### Work required
Once the line containing "x\<bar> \<le> \<bar>poly" is found in the entries below, reproduce it and every line after it, stopping at and including the line containing "x|lborel. complex_of_real (plateau"; reproduce nothing else, and keep each line exact.
++++ Records shown ++++
lemma plateau_tendsto_indicator:
  assumes ab: "a < b"
  shows "(\<lambda>n. plateau m a b n 0 x) \<longlonglongrightarrow> (poly (step_poly m) 1 - poly (step_poly m) 0) * indicator {a<..b} x"
proof -
  have S0: "smooth_step m 0 t = poly (step_poly m) (clamp01 t)" for t unfolding smooth_step_def by simp
  have L: "\<And>t. t \<le> 0 \<Longrightarrow> smooth_step m 0 t = poly (step_poly m) 0" and R: "\<And>t. t \<ge> 1 \<Longrightarrow> smooth_step m 0 t = poly (step_poly m) 1"
    using smooth_step_left[of _ m 0] smooth_step_right[of _ m 0] by simp_all
  note ev = eventually_one_le_Suc_mult
  consider "x \<le> a" | "a < x \<and> x \<le> b" | "x > b" by linarith
  then show ?thesis
  proof cases
    case 1
    have "plateau m a b n 0 x = 0" for n
    proof -
      have "real (Suc n) * (x - a) \<le> 0" "real (Suc n) * (x - b) \<le> 0"
        using 1 ab by (simp_all add: mult_nonneg_nonpos)
      then show ?thesis unfolding plateau_def using L by simp
    qed
    then show ?thesis using 1 by simp
  next
    case 2
    have e1: "eventually (\<lambda>n. real (Suc n) * (x - a) \<ge> 1) sequentially" using ev[of "x - a"] 2 by simp
    have "eventually (\<lambda>n. plateau m a b n 0 x = poly (step_poly m) 1 - poly (step_poly m) 0) sequentially"
      using e1
    proof (rule eventually_mono)
      fix n assume "1 \<le> real (Suc n) * (x - a)"
      moreover have "real (Suc n) * (x - b) \<le> 0" using 2 by (simp add: mult_nonneg_nonpos)
      ultimately show "plateau m a b n 0 x = poly (step_poly m) 1 - poly (step_poly m) 0"
        unfolding plateau_def using L R by simp
    qed
    then show ?thesis using 2 by (simp add: tendsto_eventually)
  next
    case 3
    have e1: "eventually (\<lambda>n. real (Suc n) * (x - a) \<ge> 1 \<and> real (Suc n) * (x - b) \<ge> 1) sequentially"
      using eventually_conj[OF ev[of "x - a"] ev[of "x - b"]] 3 ab by simp
    have "eventually (\<lambda>n. plateau m a b n 0 x = 0) sequentially"
      using e1
    proof (rule eventually_mono)
      fix n assume "1 \<le> real (Suc n) * (x - a) \<and> 1 \<le> real (Suc n) * (x - b)"
      then show "plateau m a b n 0 x = 0" unfolding plateau_def using R by simp
    qed
    then show ?thesis using 3 by (simp add: tendsto_eventually)
  qed
qed

lemma plateau_bounded:
  obtains B where "\<And>n x. \<bar>plateau m a b n 0 x\<bar> \<le> B"
proof -
  have "compact (poly (step_poly m) ` {0..1})"
    by (rule compact_continuous_image) (auto intro: continuous_intros)
  then obtain B where B: "\<And>t. t \<in> {0..1} \<Longrightarrow> \<bar>poly (step_poly m) t\<bar> \<le> B"
    using compact_imp_bounded bounded_iff by (metis image_eqI real_norm_def)
  have cl: "clamp01 t \<in> {0..1}" for t unfolding clamp01_def by auto
  have "\<bar>plateau m a b n 0 x\<bar> \<le> 2 * B" for n x
  proof -
    have "\<bar>plateau m a b n 0 x\<bar> \<le> \<bar>poly (step_poly m) (clamp01 (real (Suc n) * (x - a)))\<bar> + \<bar>poly (step_poly m) (clamp01 (real (Suc n) * (x - b)))\<bar>"
      unfolding plateau_def smooth_step_def by simp
    moreover have "\<bar>poly (step_poly m) (clamp01 (real (Suc n) * (x - a)))\<bar> \<le> B" by (rule B[OF cl])
    moreover have "\<bar>poly (step_poly m) (clamp01 (real (Suc n) * (x - b)))\<bar> \<le> B" by (rule B[OF cl])
    ultimately show ?thesis by linarith
  qed
  then show ?thesis using that by blast
qed

lemma tendsto_integral_plateau_mult:
  assumes ab: "a < b" and g: "L2 g"
  shows "(\<lambda>n. LINT x|lborel. complex_of_real (plateau m a b n 0 x) * g x) \<longlonglongrightarrow>
    (LINT x|lborel. complex_of_real ((poly (step_poly m) 1 - poly (step_poly m) 0) * indicator {a<..b} x) * g x)"
proof -
  define c where "c = poly (step_poly m) 1 - poly (step_poly m) 0"
  define L where "L = max \<bar>a\<bar> (\<bar>b\<bar> + 1)"
  obtain B where B: "\<And>n x. \<bar>plateau m a b n 0 x\<bar> \<le> B" using plateau_bounded by blast
  define w where "w x = B * cmod (complex_of_real (indicator {-L..L} x) * g x)" for x
  have h1: "(\<lambda>x. complex_of_real (c * indicator {a<..b} x) * g x) \<in> borel_measurable lborel"
    using L2_borel_measurable[OF g] by simp
  have h2: "(\<lambda>x. complex_of_real (plateau m a b n 0 x) * g x) \<in> borel_measurable lborel" for n
    using L2_borel_measurable[OF g] L2_borel_measurable[OF sobolev_L2[OF sobolev_plateau[OF ab]]] by simp
  have h3: "integrable lborel w"
    unfolding w_def by (intro integrable_mult_right integrable_norm L2_integrable_mult[OF L2_indicator_Icc g])
  have h4: "AE x in lborel. (\<lambda>n. complex_of_real (plateau m a b n 0 x) * g x) \<longlonglongrightarrow> complex_of_real (c * indicator {a<..b} x) * g x"
    by (intro AE_I2 tendsto_intros plateau_tendsto_indicator[OF ab, of m, folded c_def])
  have h5: "AE x in lborel. norm (complex_of_real (plateau m a b n 0 x) * g x) \<le> w x" for n
  proof (rule AE_I2)
    fix x
    show "norm (complex_of_real (plateau m a b n 0 x) * g x) \<le> w x"
    proof (cases "x \<in> {-L..L}")
      case True
      then show ?thesis unfolding w_def using B[of n x]
        by (simp add: norm_mult mult_right_mono)
    next
      case False
      then have "\<bar>x\<bar> > L" by auto
      then have "plateau m a b n 0 x = 0" using plateau_support[OF ab] unfolding L_def by blast
      then show ?thesis unfolding w_def using False by simp
    qed
  qed
  show ?thesis
    using integral_dominated_convergence[of "\<lambda>x. complex_of_real (c * indicator {a<..b} x) * g x" lborel
        "\<lambda>n x. complex_of_real (plateau m a b n 0 x) * g x" w, OF h1 h2 h3 h4 h5] by (simp add: c_def)
qed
++++
### Output of the task
    have "\<bar>plateau m a b n 0 x\<bar> \<le> \<bar>poly (step_poly m) (clamp01 (real (Suc n) * (x - a)))\<bar> + \<bar>poly (step_poly m) (clamp01 (real (Suc n) * (x - b)))\<bar>"
      unfolding plateau_def smooth_step_def by simp
    moreover have "\<bar>poly (step_poly m) (clamp01 (real (Suc n) * (x - a)))\<bar> \<le> B" by (rule B[OF cl])
    moreover have "\<bar>poly (step_poly m) (clamp01 (real (Suc n) * (x - b)))\<bar> \<le> B" by (rule B[OF cl])
    ultimately show ?thesis by linarith
  qed
  then show ?thesis using that by blast
qed

lemma tendsto_integral_plateau_mult:
  assumes ab: "a < b" and g: "L2 g"
  shows "(\<lambda>n. LINT x|lborel. complex_of_real (plateau m a b n 0 x) * g x) \<longlonglongrightarrow>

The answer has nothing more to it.